= Exercise objective =
Your answer should be the exact lines of the data below from the one containing "using quadratic assms(1) by auto" through the one containing "ultimately obtain l"; please include nothing else.

Start of Provided material

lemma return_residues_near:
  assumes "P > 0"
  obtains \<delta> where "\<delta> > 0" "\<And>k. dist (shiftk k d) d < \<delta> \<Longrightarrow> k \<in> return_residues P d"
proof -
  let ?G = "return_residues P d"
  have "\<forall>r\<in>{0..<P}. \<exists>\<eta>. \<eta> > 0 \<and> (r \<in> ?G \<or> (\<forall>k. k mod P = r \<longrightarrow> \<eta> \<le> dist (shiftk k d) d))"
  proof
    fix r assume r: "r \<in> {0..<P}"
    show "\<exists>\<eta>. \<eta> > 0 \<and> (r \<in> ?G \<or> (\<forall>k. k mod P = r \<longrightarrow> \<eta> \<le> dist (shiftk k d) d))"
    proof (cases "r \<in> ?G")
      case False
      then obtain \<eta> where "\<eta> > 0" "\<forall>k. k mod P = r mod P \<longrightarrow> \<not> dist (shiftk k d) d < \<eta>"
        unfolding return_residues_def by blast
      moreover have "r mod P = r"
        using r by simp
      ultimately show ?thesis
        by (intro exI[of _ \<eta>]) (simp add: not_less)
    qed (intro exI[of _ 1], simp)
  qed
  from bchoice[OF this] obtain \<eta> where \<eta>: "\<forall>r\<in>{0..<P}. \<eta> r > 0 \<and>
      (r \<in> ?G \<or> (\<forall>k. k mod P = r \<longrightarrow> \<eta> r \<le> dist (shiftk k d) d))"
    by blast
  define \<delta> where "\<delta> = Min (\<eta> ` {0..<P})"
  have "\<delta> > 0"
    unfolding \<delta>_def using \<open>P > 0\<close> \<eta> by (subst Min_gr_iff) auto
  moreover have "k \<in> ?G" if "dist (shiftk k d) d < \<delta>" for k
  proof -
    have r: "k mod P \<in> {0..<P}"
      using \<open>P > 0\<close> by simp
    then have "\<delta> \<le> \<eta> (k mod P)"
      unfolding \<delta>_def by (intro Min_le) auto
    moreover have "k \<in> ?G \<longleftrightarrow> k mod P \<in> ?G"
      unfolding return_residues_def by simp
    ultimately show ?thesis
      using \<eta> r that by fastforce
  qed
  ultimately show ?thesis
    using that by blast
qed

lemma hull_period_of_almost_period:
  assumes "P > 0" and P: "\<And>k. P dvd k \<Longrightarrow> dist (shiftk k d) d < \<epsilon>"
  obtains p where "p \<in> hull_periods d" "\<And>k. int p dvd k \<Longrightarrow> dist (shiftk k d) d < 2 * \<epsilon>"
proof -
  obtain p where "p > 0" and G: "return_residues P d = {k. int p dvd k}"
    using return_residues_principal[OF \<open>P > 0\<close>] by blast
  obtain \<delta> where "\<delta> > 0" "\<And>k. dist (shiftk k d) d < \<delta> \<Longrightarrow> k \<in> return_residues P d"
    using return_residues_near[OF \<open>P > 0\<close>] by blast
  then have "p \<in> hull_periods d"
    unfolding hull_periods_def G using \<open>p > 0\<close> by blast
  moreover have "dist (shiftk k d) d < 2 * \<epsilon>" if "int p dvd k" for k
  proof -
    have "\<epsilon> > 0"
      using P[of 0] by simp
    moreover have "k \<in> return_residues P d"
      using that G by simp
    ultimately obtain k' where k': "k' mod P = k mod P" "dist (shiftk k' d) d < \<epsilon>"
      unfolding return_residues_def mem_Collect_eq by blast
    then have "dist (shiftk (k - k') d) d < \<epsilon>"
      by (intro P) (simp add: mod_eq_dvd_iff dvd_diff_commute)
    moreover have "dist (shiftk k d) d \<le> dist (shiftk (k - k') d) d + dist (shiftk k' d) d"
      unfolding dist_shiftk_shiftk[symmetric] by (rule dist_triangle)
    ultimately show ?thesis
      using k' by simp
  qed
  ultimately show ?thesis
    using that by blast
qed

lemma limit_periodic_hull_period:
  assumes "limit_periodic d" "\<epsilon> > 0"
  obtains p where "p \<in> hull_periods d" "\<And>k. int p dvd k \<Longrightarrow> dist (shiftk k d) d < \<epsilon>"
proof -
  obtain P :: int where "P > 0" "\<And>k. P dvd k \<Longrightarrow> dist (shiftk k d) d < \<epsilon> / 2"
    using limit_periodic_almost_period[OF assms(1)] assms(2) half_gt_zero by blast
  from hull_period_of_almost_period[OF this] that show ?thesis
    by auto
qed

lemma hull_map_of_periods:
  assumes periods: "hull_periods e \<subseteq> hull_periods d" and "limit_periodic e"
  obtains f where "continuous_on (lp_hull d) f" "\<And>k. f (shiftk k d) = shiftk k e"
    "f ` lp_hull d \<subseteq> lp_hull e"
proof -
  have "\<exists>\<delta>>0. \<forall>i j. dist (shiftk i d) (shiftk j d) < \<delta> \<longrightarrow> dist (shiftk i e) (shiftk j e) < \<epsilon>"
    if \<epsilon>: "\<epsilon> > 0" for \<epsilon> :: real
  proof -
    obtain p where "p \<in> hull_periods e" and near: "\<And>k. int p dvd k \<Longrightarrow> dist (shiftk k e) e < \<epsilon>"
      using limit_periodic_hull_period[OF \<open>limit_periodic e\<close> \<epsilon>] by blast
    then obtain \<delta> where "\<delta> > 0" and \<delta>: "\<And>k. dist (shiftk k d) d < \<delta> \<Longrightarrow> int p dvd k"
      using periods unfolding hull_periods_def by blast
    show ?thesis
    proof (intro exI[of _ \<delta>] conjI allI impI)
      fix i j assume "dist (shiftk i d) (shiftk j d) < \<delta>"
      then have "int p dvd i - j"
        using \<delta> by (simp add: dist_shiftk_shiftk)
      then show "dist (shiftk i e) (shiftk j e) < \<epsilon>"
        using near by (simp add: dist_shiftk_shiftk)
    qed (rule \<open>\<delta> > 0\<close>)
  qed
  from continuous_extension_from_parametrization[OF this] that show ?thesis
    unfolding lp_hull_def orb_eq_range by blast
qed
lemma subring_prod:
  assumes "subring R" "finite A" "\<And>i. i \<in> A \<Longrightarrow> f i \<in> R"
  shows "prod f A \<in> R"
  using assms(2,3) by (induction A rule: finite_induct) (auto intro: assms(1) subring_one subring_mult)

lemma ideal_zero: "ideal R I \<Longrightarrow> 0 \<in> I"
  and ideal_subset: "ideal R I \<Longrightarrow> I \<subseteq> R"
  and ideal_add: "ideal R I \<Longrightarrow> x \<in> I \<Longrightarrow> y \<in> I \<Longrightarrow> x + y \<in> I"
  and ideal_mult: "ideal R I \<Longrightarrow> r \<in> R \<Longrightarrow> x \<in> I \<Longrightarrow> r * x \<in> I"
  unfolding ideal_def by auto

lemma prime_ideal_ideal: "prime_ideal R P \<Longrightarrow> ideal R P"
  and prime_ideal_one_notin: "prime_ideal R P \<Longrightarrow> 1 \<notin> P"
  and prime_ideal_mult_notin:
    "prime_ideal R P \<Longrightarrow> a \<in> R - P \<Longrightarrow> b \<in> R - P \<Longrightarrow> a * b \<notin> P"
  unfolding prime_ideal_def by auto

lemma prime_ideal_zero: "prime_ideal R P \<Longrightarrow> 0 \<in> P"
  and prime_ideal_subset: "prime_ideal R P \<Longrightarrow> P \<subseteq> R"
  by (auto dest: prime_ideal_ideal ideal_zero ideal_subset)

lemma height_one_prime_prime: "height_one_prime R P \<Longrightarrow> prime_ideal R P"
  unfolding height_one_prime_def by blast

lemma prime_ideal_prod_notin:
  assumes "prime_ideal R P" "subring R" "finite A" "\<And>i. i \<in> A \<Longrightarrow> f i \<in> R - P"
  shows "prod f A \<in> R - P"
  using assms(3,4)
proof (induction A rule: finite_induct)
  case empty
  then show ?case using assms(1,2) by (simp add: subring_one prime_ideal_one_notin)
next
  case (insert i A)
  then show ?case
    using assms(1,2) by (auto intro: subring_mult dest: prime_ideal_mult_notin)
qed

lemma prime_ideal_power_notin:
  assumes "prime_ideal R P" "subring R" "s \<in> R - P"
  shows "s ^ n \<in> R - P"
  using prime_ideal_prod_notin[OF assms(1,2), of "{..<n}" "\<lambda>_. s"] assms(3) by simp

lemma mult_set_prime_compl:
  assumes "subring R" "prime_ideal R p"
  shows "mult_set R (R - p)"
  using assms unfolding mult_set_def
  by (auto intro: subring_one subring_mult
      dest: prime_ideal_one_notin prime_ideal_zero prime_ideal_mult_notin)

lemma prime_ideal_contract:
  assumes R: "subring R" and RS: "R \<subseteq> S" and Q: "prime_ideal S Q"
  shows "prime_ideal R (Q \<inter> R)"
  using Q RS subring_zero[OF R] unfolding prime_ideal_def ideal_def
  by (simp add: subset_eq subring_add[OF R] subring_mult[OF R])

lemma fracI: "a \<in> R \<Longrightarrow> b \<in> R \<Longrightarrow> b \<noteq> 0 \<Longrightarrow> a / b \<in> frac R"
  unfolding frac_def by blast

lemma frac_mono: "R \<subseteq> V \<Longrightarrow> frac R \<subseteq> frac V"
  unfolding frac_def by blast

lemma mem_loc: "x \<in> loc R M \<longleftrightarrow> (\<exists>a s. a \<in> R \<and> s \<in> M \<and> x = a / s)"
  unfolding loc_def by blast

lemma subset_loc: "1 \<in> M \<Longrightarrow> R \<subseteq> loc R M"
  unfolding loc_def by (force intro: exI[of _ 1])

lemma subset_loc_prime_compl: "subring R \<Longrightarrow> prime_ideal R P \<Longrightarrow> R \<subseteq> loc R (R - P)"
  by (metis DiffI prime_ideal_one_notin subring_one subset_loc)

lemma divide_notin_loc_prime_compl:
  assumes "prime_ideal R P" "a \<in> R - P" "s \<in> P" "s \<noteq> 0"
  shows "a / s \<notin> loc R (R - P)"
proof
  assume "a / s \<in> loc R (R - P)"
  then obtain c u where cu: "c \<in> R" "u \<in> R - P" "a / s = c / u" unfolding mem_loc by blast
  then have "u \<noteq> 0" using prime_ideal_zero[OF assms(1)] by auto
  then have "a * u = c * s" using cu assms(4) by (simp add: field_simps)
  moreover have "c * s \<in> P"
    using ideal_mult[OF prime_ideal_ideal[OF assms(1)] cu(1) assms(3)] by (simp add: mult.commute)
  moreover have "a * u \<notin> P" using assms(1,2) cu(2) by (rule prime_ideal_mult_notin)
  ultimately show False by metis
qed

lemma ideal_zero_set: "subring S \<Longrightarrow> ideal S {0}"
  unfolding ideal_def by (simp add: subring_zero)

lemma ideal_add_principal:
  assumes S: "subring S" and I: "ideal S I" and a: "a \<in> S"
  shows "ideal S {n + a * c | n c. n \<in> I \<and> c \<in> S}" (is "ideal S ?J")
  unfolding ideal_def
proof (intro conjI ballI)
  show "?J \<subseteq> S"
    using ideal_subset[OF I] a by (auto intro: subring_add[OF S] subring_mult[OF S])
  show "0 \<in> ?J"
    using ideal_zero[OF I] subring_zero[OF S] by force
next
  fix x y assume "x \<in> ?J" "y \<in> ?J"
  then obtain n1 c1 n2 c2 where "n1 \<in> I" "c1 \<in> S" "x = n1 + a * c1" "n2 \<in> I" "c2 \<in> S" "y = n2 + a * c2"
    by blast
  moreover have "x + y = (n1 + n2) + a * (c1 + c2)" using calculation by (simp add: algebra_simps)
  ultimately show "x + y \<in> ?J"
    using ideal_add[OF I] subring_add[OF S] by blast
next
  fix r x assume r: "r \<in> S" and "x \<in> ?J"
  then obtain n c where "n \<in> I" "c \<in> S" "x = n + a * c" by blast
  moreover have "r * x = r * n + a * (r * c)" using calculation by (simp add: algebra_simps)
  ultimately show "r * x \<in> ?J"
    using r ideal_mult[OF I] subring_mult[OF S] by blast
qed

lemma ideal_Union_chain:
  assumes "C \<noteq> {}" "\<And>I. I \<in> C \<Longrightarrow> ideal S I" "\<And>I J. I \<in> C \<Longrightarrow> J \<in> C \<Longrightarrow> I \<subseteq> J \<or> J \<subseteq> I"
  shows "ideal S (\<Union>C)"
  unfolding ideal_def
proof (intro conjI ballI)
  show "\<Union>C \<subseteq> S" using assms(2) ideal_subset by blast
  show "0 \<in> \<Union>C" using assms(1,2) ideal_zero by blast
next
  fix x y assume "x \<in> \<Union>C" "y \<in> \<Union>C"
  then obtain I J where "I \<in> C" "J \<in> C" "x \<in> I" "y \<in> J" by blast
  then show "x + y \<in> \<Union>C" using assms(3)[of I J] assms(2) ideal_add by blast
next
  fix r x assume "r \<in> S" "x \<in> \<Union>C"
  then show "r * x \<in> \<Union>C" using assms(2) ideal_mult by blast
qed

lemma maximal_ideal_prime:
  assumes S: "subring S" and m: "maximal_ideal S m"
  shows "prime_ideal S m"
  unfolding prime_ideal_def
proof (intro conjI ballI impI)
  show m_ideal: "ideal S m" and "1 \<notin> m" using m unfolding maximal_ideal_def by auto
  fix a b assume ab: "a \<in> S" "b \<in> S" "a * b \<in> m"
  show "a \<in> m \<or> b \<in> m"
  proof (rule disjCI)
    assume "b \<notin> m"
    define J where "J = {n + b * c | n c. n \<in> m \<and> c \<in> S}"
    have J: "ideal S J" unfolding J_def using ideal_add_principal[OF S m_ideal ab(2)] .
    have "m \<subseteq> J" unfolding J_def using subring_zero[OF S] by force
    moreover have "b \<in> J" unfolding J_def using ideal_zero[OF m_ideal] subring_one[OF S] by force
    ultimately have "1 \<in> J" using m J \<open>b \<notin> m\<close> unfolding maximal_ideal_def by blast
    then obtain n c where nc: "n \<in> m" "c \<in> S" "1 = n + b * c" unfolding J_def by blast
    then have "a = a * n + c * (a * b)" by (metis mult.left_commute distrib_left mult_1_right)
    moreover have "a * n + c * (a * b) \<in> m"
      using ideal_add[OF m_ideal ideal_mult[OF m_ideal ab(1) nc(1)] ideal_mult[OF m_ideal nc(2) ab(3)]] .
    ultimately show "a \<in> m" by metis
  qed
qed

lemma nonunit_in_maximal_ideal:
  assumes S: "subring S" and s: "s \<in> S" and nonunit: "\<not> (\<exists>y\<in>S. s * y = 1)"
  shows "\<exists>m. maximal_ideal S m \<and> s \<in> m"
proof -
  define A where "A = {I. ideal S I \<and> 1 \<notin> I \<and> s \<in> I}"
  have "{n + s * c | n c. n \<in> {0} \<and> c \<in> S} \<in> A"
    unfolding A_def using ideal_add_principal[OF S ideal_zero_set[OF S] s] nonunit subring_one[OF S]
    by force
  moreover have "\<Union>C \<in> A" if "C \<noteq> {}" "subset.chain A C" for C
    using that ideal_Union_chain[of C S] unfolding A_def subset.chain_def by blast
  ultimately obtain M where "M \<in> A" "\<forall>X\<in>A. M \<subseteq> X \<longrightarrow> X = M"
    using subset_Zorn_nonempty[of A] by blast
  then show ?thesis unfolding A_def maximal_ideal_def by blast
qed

End of Provided material
Start of Provided material

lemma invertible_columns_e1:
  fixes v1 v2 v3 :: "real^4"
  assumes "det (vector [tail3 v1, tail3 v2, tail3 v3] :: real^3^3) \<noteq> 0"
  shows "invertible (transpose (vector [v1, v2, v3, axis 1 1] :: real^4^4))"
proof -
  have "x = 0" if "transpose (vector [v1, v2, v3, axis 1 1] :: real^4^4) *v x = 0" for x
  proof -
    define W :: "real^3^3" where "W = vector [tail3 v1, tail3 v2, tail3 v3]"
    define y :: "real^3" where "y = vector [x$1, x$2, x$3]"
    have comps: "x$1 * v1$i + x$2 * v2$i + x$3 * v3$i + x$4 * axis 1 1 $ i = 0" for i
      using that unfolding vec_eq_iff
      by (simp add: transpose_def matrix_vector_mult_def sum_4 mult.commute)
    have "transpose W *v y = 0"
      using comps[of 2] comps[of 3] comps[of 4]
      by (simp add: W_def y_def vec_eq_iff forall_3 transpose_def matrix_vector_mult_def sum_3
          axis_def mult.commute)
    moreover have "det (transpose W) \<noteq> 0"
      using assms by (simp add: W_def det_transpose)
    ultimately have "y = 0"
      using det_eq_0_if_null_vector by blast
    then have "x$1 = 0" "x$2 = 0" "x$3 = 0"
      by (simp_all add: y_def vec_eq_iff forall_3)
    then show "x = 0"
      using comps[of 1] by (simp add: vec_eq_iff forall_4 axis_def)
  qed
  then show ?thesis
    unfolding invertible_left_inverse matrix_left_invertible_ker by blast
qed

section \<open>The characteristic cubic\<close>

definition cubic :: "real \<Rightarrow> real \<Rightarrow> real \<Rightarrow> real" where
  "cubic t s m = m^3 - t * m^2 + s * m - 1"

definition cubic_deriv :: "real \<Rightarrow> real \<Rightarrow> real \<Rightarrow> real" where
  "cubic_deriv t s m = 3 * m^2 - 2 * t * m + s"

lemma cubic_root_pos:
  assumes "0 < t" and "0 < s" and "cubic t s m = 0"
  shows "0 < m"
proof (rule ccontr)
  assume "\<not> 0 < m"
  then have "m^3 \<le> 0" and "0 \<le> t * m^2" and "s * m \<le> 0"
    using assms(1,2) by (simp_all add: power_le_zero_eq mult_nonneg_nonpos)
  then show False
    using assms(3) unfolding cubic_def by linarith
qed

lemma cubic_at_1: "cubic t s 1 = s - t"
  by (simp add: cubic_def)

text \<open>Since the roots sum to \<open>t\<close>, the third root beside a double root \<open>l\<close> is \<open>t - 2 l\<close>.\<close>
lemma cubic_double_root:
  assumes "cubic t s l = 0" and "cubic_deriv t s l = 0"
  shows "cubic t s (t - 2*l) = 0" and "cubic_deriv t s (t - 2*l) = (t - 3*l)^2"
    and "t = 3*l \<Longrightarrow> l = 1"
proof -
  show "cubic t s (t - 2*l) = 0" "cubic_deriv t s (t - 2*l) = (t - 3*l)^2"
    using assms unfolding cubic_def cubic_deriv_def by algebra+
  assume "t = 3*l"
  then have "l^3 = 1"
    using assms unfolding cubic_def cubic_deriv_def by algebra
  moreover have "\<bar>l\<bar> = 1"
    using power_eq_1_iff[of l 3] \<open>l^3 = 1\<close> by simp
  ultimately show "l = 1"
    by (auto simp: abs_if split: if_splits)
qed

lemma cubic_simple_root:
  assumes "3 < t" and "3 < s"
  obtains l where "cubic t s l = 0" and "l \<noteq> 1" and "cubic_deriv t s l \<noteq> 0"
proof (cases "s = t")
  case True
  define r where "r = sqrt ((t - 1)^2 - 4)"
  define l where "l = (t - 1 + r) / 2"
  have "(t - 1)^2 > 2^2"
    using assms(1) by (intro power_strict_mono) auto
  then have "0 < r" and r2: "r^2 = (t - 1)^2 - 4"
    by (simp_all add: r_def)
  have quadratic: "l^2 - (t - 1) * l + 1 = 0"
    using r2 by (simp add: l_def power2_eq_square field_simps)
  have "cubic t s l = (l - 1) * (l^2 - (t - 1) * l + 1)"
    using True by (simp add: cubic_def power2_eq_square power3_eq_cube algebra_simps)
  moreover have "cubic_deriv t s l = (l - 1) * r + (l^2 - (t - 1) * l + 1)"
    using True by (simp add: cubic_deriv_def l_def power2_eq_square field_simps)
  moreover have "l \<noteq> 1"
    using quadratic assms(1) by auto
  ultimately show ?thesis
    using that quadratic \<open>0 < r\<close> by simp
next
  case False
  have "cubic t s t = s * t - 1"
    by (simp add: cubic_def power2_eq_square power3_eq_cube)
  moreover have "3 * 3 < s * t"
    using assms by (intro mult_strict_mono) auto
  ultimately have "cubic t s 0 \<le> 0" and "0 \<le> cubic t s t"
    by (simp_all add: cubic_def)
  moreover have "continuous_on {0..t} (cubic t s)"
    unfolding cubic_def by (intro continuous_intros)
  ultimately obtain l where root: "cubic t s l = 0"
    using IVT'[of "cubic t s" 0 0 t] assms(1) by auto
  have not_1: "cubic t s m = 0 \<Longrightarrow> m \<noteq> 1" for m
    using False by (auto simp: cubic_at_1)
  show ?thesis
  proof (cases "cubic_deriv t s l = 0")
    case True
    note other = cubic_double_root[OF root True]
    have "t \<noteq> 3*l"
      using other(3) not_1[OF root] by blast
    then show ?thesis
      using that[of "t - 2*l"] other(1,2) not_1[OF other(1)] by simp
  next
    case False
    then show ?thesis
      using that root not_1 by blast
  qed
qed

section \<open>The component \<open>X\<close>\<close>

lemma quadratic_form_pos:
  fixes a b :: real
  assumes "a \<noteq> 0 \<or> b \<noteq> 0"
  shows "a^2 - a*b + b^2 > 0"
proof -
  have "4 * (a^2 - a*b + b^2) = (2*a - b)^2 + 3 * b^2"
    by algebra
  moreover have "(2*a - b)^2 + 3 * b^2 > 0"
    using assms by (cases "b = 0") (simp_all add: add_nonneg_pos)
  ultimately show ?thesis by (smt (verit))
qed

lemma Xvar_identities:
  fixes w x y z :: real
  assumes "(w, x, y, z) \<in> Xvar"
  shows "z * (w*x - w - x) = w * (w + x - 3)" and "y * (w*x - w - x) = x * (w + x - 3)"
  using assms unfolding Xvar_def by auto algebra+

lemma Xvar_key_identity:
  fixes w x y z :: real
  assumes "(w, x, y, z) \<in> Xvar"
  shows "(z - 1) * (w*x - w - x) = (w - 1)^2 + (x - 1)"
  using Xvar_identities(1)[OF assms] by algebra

End of Provided material

= Result =
    using quadratic assms(1) by auto
  ultimately show ?thesis
    using that quadratic \<open>0 < r\<close> by simp
next
  case False
  have "cubic t s t = s * t - 1"
    by (simp add: cubic_def power2_eq_square power3_eq_cube)
  moreover have "3 * 3 < s * t"
    using assms by (intro mult_strict_mono) auto
  ultimately have "cubic t s 0 \<le> 0" and "0 \<le> cubic t s t"
    by (simp_all add: cubic_def)
  moreover have "continuous_on {0..t} (cubic t s)"
    unfolding cubic_def by (intro continuous_intros)
  ultimately obtain l where root: "cubic t s l = 0"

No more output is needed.